- Born: July 31, 1945 (age 81)
- Education: Newcastle University University of Glasgow
- Awards: British Society of Gastroenterology's Research Medal (1984)
- Scientific career
- Fields: Hepatology
- Workplaces: Imperial College London

= Howard C. Thomas =

British academic

Howard C. Thomas is a British hepatologist and academic. He is Emeritus Professor of Hepatology at Imperial College London, known for his research on viral hepatitis, liver immunology, and antiviral therapies. Thomas chaired national advisory groups on hepatitis for the UK Department of Health, led clinical trials of interferon therapy, and was founding editor of the Journal of Viral Hepatitis. He has received multiple international awards and delivered named lectures including the Humphry Davy Rolleston, Hans Popper, and Sheila Sherlock lectures. He was elected a Fellow of the Academy of Medical Sciences in 1999.

== Early life and education ==
Thomas studied at Newcastle University, where he received a BSc in Physiology and MB BS in Medicine with honours, and was awarded the Phillipson Prize. He gained a PhD in Medicine from the University of Glasgow in 1974 with a thesis on liver immunology. Following his PhD, he became a Lecturer and Wellcome Senior Clinical Research Fellow at the Royal Free Hospital.

== Academic and clinical roles ==
From 1974 to 1987, Thomas held a Wellcome Senior Clinical Research Fellowship and then became Professor of Medicine under Dame Sheila Sherlock at the Royal Free Hospital Medical School. In 1987, he moved to St Mary's Hospital Medical School as Professor of Medicine and Chair of the Academic Department, serving as Vice Chairman of Imperial's Division of Medicine (1997–2004) and Clinical Dean of the Faculty of Medicine (2001–2004). He practised clinically as Consultant Physician and Hepatologist at St Mary's Hospital until 2011, after which he became Emeritus Professor of Hepatology.

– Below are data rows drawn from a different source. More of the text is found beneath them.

definition GU_vertex_top :: "('g, 'k) monoid_scheme \<Rightarrow> 'g topology \<Rightarrow> 'g set \<Rightarrow>
    ('v \<Rightarrow> ('a, 'm) monoid_scheme) \<Rightarrow> ('v \<Rightarrow> 'a \<Rightarrow> 'g) \<Rightarrow> 'v \<Rightarrow> 'g set topology" where
  "GU_vertex_top G T U GV iv v =
     subtopology (quot_top G T U) ((\<lambda>x. U #>\<^bsub>G\<^esub> iv v x) ` carrier (GV v))"

text \<open>Edge groups: \<open>\<G>(e)U/U \<cong> \<G>(e)/(\<G>(e) \<inter> U)\<close>, where \<open>\<G>(e) \<inter> U\<close> is the kernel of
  \<open>\<G>(e) \<rightarrow> G/U\<close> (the same via \<open>\<partial>_0\<close> or \<open>\<partial>_1\<close>, as \<open>U\<close> is normal), with the quotient
  topology.\<close>
definition edge_kernel :: "('g, 'k) monoid_scheme \<Rightarrow> 'g set \<Rightarrow> ('e \<Rightarrow> 'v) \<Rightarrow>
    ('e \<Rightarrow> ('b, 'n) monoid_scheme) \<Rightarrow> ('e \<Rightarrow> 'b \<Rightarrow> 'a) \<Rightarrow> ('v \<Rightarrow> 'a \<Rightarrow> 'g) \<Rightarrow> 'e \<Rightarrow> 'b set" where
  "edge_kernel G U d1 GE del1 iv e = {x \<in> carrier (GE e). iv (d1 e) (del1 e x) \<in> U}"

definition GU_edge :: "('g, 'k) monoid_scheme \<Rightarrow> 'g set \<Rightarrow> ('e \<Rightarrow> 'v) \<Rightarrow>
    ('e \<Rightarrow> ('b, 'n) monoid_scheme) \<Rightarrow> ('e \<Rightarrow> 'b \<Rightarrow> 'a) \<Rightarrow> ('v \<Rightarrow> 'a \<Rightarrow> 'g) \<Rightarrow> 'e \<Rightarrow> 'b set monoid" where
  "GU_edge G U d1 GE del1 iv e = GE e Mod edge_kernel G U d1 GE del1 iv e"

definition GU_edge_top :: "('g, 'k) monoid_scheme \<Rightarrow> 'g set \<Rightarrow> ('e \<Rightarrow> 'v) \<Rightarrow>
    ('e \<Rightarrow> ('b, 'n) monoid_scheme) \<Rightarrow> ('e \<Rightarrow> 'b topology) \<Rightarrow> ('e \<Rightarrow> 'b \<Rightarrow> 'a) \<Rightarrow>
    ('v \<Rightarrow> 'a \<Rightarrow> 'g) \<Rightarrow> 'e \<Rightarrow> 'b set topology" where
  "GU_edge_top G U d1 GE TE del1 iv e = quot_top (GE e) (TE e) (edge_kernel G U d1 GE del1 iv e)"

definition GU_del :: "('g, 'k) monoid_scheme \<Rightarrow> 'g set \<Rightarrow> ('e \<Rightarrow> 'v) \<Rightarrow>
    ('e \<Rightarrow> 'b \<Rightarrow> 'a) \<Rightarrow> ('v \<Rightarrow> 'a \<Rightarrow> 'g) \<Rightarrow> 'e \<Rightarrow> 'b set \<Rightarrow> 'g set" where
  "GU_del G U di deli iv e C = (\<Union>x\<in>C. U #>\<^bsub>G\<^esub> iv (di e) (deli e x))"

definition U_tilde :: "('g, 'k) monoid_scheme \<Rightarrow> 'g topology \<Rightarrow> 'v set \<Rightarrow>
    ('v \<Rightarrow> ('a, 'm) monoid_scheme) \<Rightarrow> ('v \<Rightarrow> 'a \<Rightarrow> 'g) \<Rightarrow> 'g set \<Rightarrow> 'g set" where
  "U_tilde G T V GV iv U = closed_generate G T
     {y. \<exists>v\<in>V. \<exists>g\<in>carrier G. \<exists>x\<in>carrier (GV v).
           y = inv\<^bsub>G\<^esub> g \<otimes>\<^bsub>G\<^esub> iv v x \<otimes>\<^bsub>G\<^esub> g \<and> y \<in> U}"

end

theory Submission
  imports Defs
begin

text \<open>\<open>\<tilde>U\<close> is the closure of the normal subgroup generated by the conjugates
  \<open>\<G>(v)\<^sup>g \<inter> U\<close>, hence a closed normal subgroup, and \<open>G/\<tilde>U\<close> is again a pro-p group.
  Since \<open>\<G>(v) \<inter> U \<subseteq> \<tilde>U\<close>, the coset map \<open>gU \<mapsto> g\<tilde>U\<close> is well defined on each
  \<open>\<G>(v)U/U\<close>; together with the images of the stable letters these maps satisfy the
  relations of \<open>\<Pi>\<^sub>1(\<G>\<^sub>U, \<Gamma>)\<close> and topologically generate \<open>G/\<tilde>U\<close>.
  For the universal property, a compatible family of maps from the \<open>\<G>\<^sub>U(v)\<close> into a finite
  p-group lifts to the \<open>\<G>(v)\<close>, hence extends to a continuous homomorphism \<open>\<phi>\<close> of \<open>G\<close>.
  Then \<open>\<phi>\<close> kills every \<open>\<G>(v)\<^sup>g \<inter> U\<close>, so its closed kernel contains \<open>\<tilde>U\<close> and \<open>\<phi>\<close>
  factors through \<open>G/\<tilde>U\<close>.\<close>

section \<open>Cosets\<close>

lemma (in group) rcos_eq_iff:
  assumes "subgroup N G" "a \<in> carrier G" "b \<in> carrier G"
  shows "N #> a = N #> b \<longleftrightarrow> a \<otimes> inv b \<in> N"
proof
  assume "N #> a = N #> b"
  then have "a \<in> N #> b" using rcos_self[OF assms(2,1)] by simp
  then show "a \<otimes> inv b \<in> N" using subgroup.rcos_module_imp[OF assms(1) is_group assms(3)] by blast
next
  assume "a \<otimes> inv b \<in> N"
  then have "a \<in> N #> b" using subgroup.rcos_module_rev[OF assms(1) is_group assms(3,2)] by blast
  then show "N #> a = N #> b" using repr_independence[OF _ assms(3,1)] by simp
qed

lemma (in group) rcos_eq_self_iff:
  assumes "subgroup N G" "a \<in> carrier G"
  shows "N #> a = N \<longleftrightarrow> a \<in> N"
proof
  assume "N #> a = N"
  then show "a \<in> N" using rcos_self[OF assms(2,1)] by simp
qed (rule subgroup.rcos_const[OF assms(1) is_group])

lemma (in group) Union_rcosets_subset:
  assumes "subgroup N G" "S \<subseteq> rcosets N"
  shows "\<Union>S = {x \<in> carrier G. N #> x \<in> S}"
proof (intro equalityI subsetI)
  fix x assume "x \<in> \<Union>S"
  then obtain a where "a \<in> carrier G" "N #> a \<in> S" "x \<in> N #> a"
    using assms(2) unfolding RCOSETS_def by auto
  moreover from this have "x \<in> carrier G" "N #> x = N #> a"
    using subgroup.elemrcos_carrier[OF assms(1) is_group] repr_independence assms(1) by auto
  ultimately show "x \<in> {x \<in> carrier G. N #> x \<in> S}" by simp
qed (use assms(1) rcos_self in blast)

lemma (in group_hom) UN_rcos_image:
  assumes "subgroup U H" "subgroup K G" "h ` K \<subseteq> U" "x \<in> carrier G"
  shows "(\<Union>y\<in>K #> x. U #>\<^bsub>H\<^esub> h y) = U #>\<^bsub>H\<^esub> h x"
proof -
  have "U #>\<^bsub>H\<^esub> h (k \<otimes> x) = U #>\<^bsub>H\<^esub> h x" if "k \<in> K" for k
  proof -
    have "k \<in> carrier G" using that subgroup.mem_carrier[OF assms(2)] by blast
    then have "U #>\<^bsub>H\<^esub> h (k \<otimes> x) = (U #>\<^bsub>H\<^esub> h k) #>\<^bsub>H\<^esub> h x"
      using assms(1,4) by (simp add: H.coset_mult_assoc subgroup.subset)
    also have "U #>\<^bsub>H\<^esub> h k = U"
      using that assms(1,3) subgroup.rcos_const[OF assms(1) H.is_group] by blast
    finally show ?thesis .
  qed
  moreover have "x \<in> K #> x" using G.rcos_self[OF assms(4,2)] .
  ultimately show ?thesis unfolding r_coset_def[of G K x] by blast
qed

lemma (in normal) group_hom_rcos: "group_hom G (G Mod H) (\<lambda>x. H #> x)"
  by (rule group_hom.intro[OF is_group factorgroup_is_group group_hom_axioms.intro[OF r_coset_hom_Mod]])

lemma (in normal) rcos_image_carrier: "(\<lambda>x. H #> x) ` carrier G = carrier (G Mod H)"
  unfolding FactGroup_def RCOSETS_def by auto

section \<open>Quotients of topological groups\<close>

lemma cont_hom_compose:
  assumes "f \<in> cont_hom A S B S'" "g \<in> cont_hom B S' C S''"
  shows "(\<lambda>x. g (f x)) \<in> cont_hom A S C S''"
proof -
  have "f \<in> hom A B" "continuous_map S S' f" "g \<in> hom B C" "continuous_map S' S'' g"
    using assms unfolding cont_hom_def by auto
  then show ?thesis
    using hom_compose[of f A B g C] continuous_map_compose[of S S' f S'' g]
    unfolding cont_hom_def o_def by blast
qed

lemma cont_hom_group_hom:
  assumes "group A" "group B" "f \<in> cont_hom A S B S'"
  shows "group_hom A B f"
  using assms(3) unfolding cont_hom_def
  by (intro group_hom.intro assms(1,2) group_hom_axioms.intro) blast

== Advisory and leadership roles ==
Thomas has served as an advisor to the UK Department of Health, including as Chair of the Advisory Group on Hepatitis and the NICE group on treatment of chronic hepatitis B. He has also contributed to committees on infected health care personnel, vaccination policy, and national strategies for blood-borne viruses. Internationally, he participated in expert groups convened by the World Health Organization on hepatocellular carcinoma and hepatitis and reviewed the medical school of the University of Mauritius.

== Research and contributions ==
- Studies on oral tolerance to protein antigens and immunological effects of liver injury.
- Hepatitis B vaccine development: Thomas co‑authored a study demonstrating neutralization of hepatitis B virus infectivity using a murine monoclonal antibody, contributing to early vaccine research and diagnostics.
- Identification of molecular variants of hepatitis B, including e antigen-negative and vaccine escape mutants.
- Discovery of hepatitis C virus infection of the brain and its association with cognitive impairment ("brain fog").
- Epidemiological studies on increasing incidence of cholangiocarcinoma in the UK.
- Interferon-alpha trials for chronic viral hepatitis, including a controlled trial in chronic hepatitis B (Hepatology, 1985) and a randomized trial in chronic hepatitis C (BMJ, 1989).
- Genetic studies linking host factors to viral hepatitis and alcohol-related liver disease, including susceptibility to hepatitis B (Nature Genetics, 1997) and genetic determinants of alcohol preference and alcoholic liver disease (Nature Communications, 2012).
- Mutations in the GABRB1 gene promoting alcohol consumption through increased tonic inhibition, furthering understanding of genetic control of alcohol use.

He has authored over 500 scientific publications, co-edited multiple editions of Viral Hepatitis and Hepatitis C, and founded the Journal of Viral Hepatitis.

== Inquiries and legal testimony ==
Thomas provided scientific and clinical expertise to UK inquiries into infected blood, including the Skipton Infected Blood Compensation Scheme, and gave expert testimony in the case Chiron Corporation v. Organon Teknika Ltd (1994), relating to patents on hepatitis C virus testing.

== Awards and honours ==
Thomas's contributions to hepatology and liver research have been recognised through a number of awards:
- British Society of Gastroenterology Research Medal (1984).
- Hans Popper International Prize for Distinction in Hepatology (1989).
- Lifetime Recognition Award, British Association for the Study of the Liver (2010).
- Lifetime Achievement Award, European Association for the Study of the Liver (2010).
- Imperial College Medal (2013).

He has delivered named lectures including:
- Humphry Davy Rolleston Lecture at the Royal College of Physicians (1986, United Kingdom)
- Cohen Lecture (1988, Israel)
- Bushell Lecture (1990, Australia)
- Hans Popper Lecture (1996, Switzerland)
- Ralph Wright Lecture (1999, United Kingdom)
- Sheila Sherlock Lecture (2005, South Africa and Canada).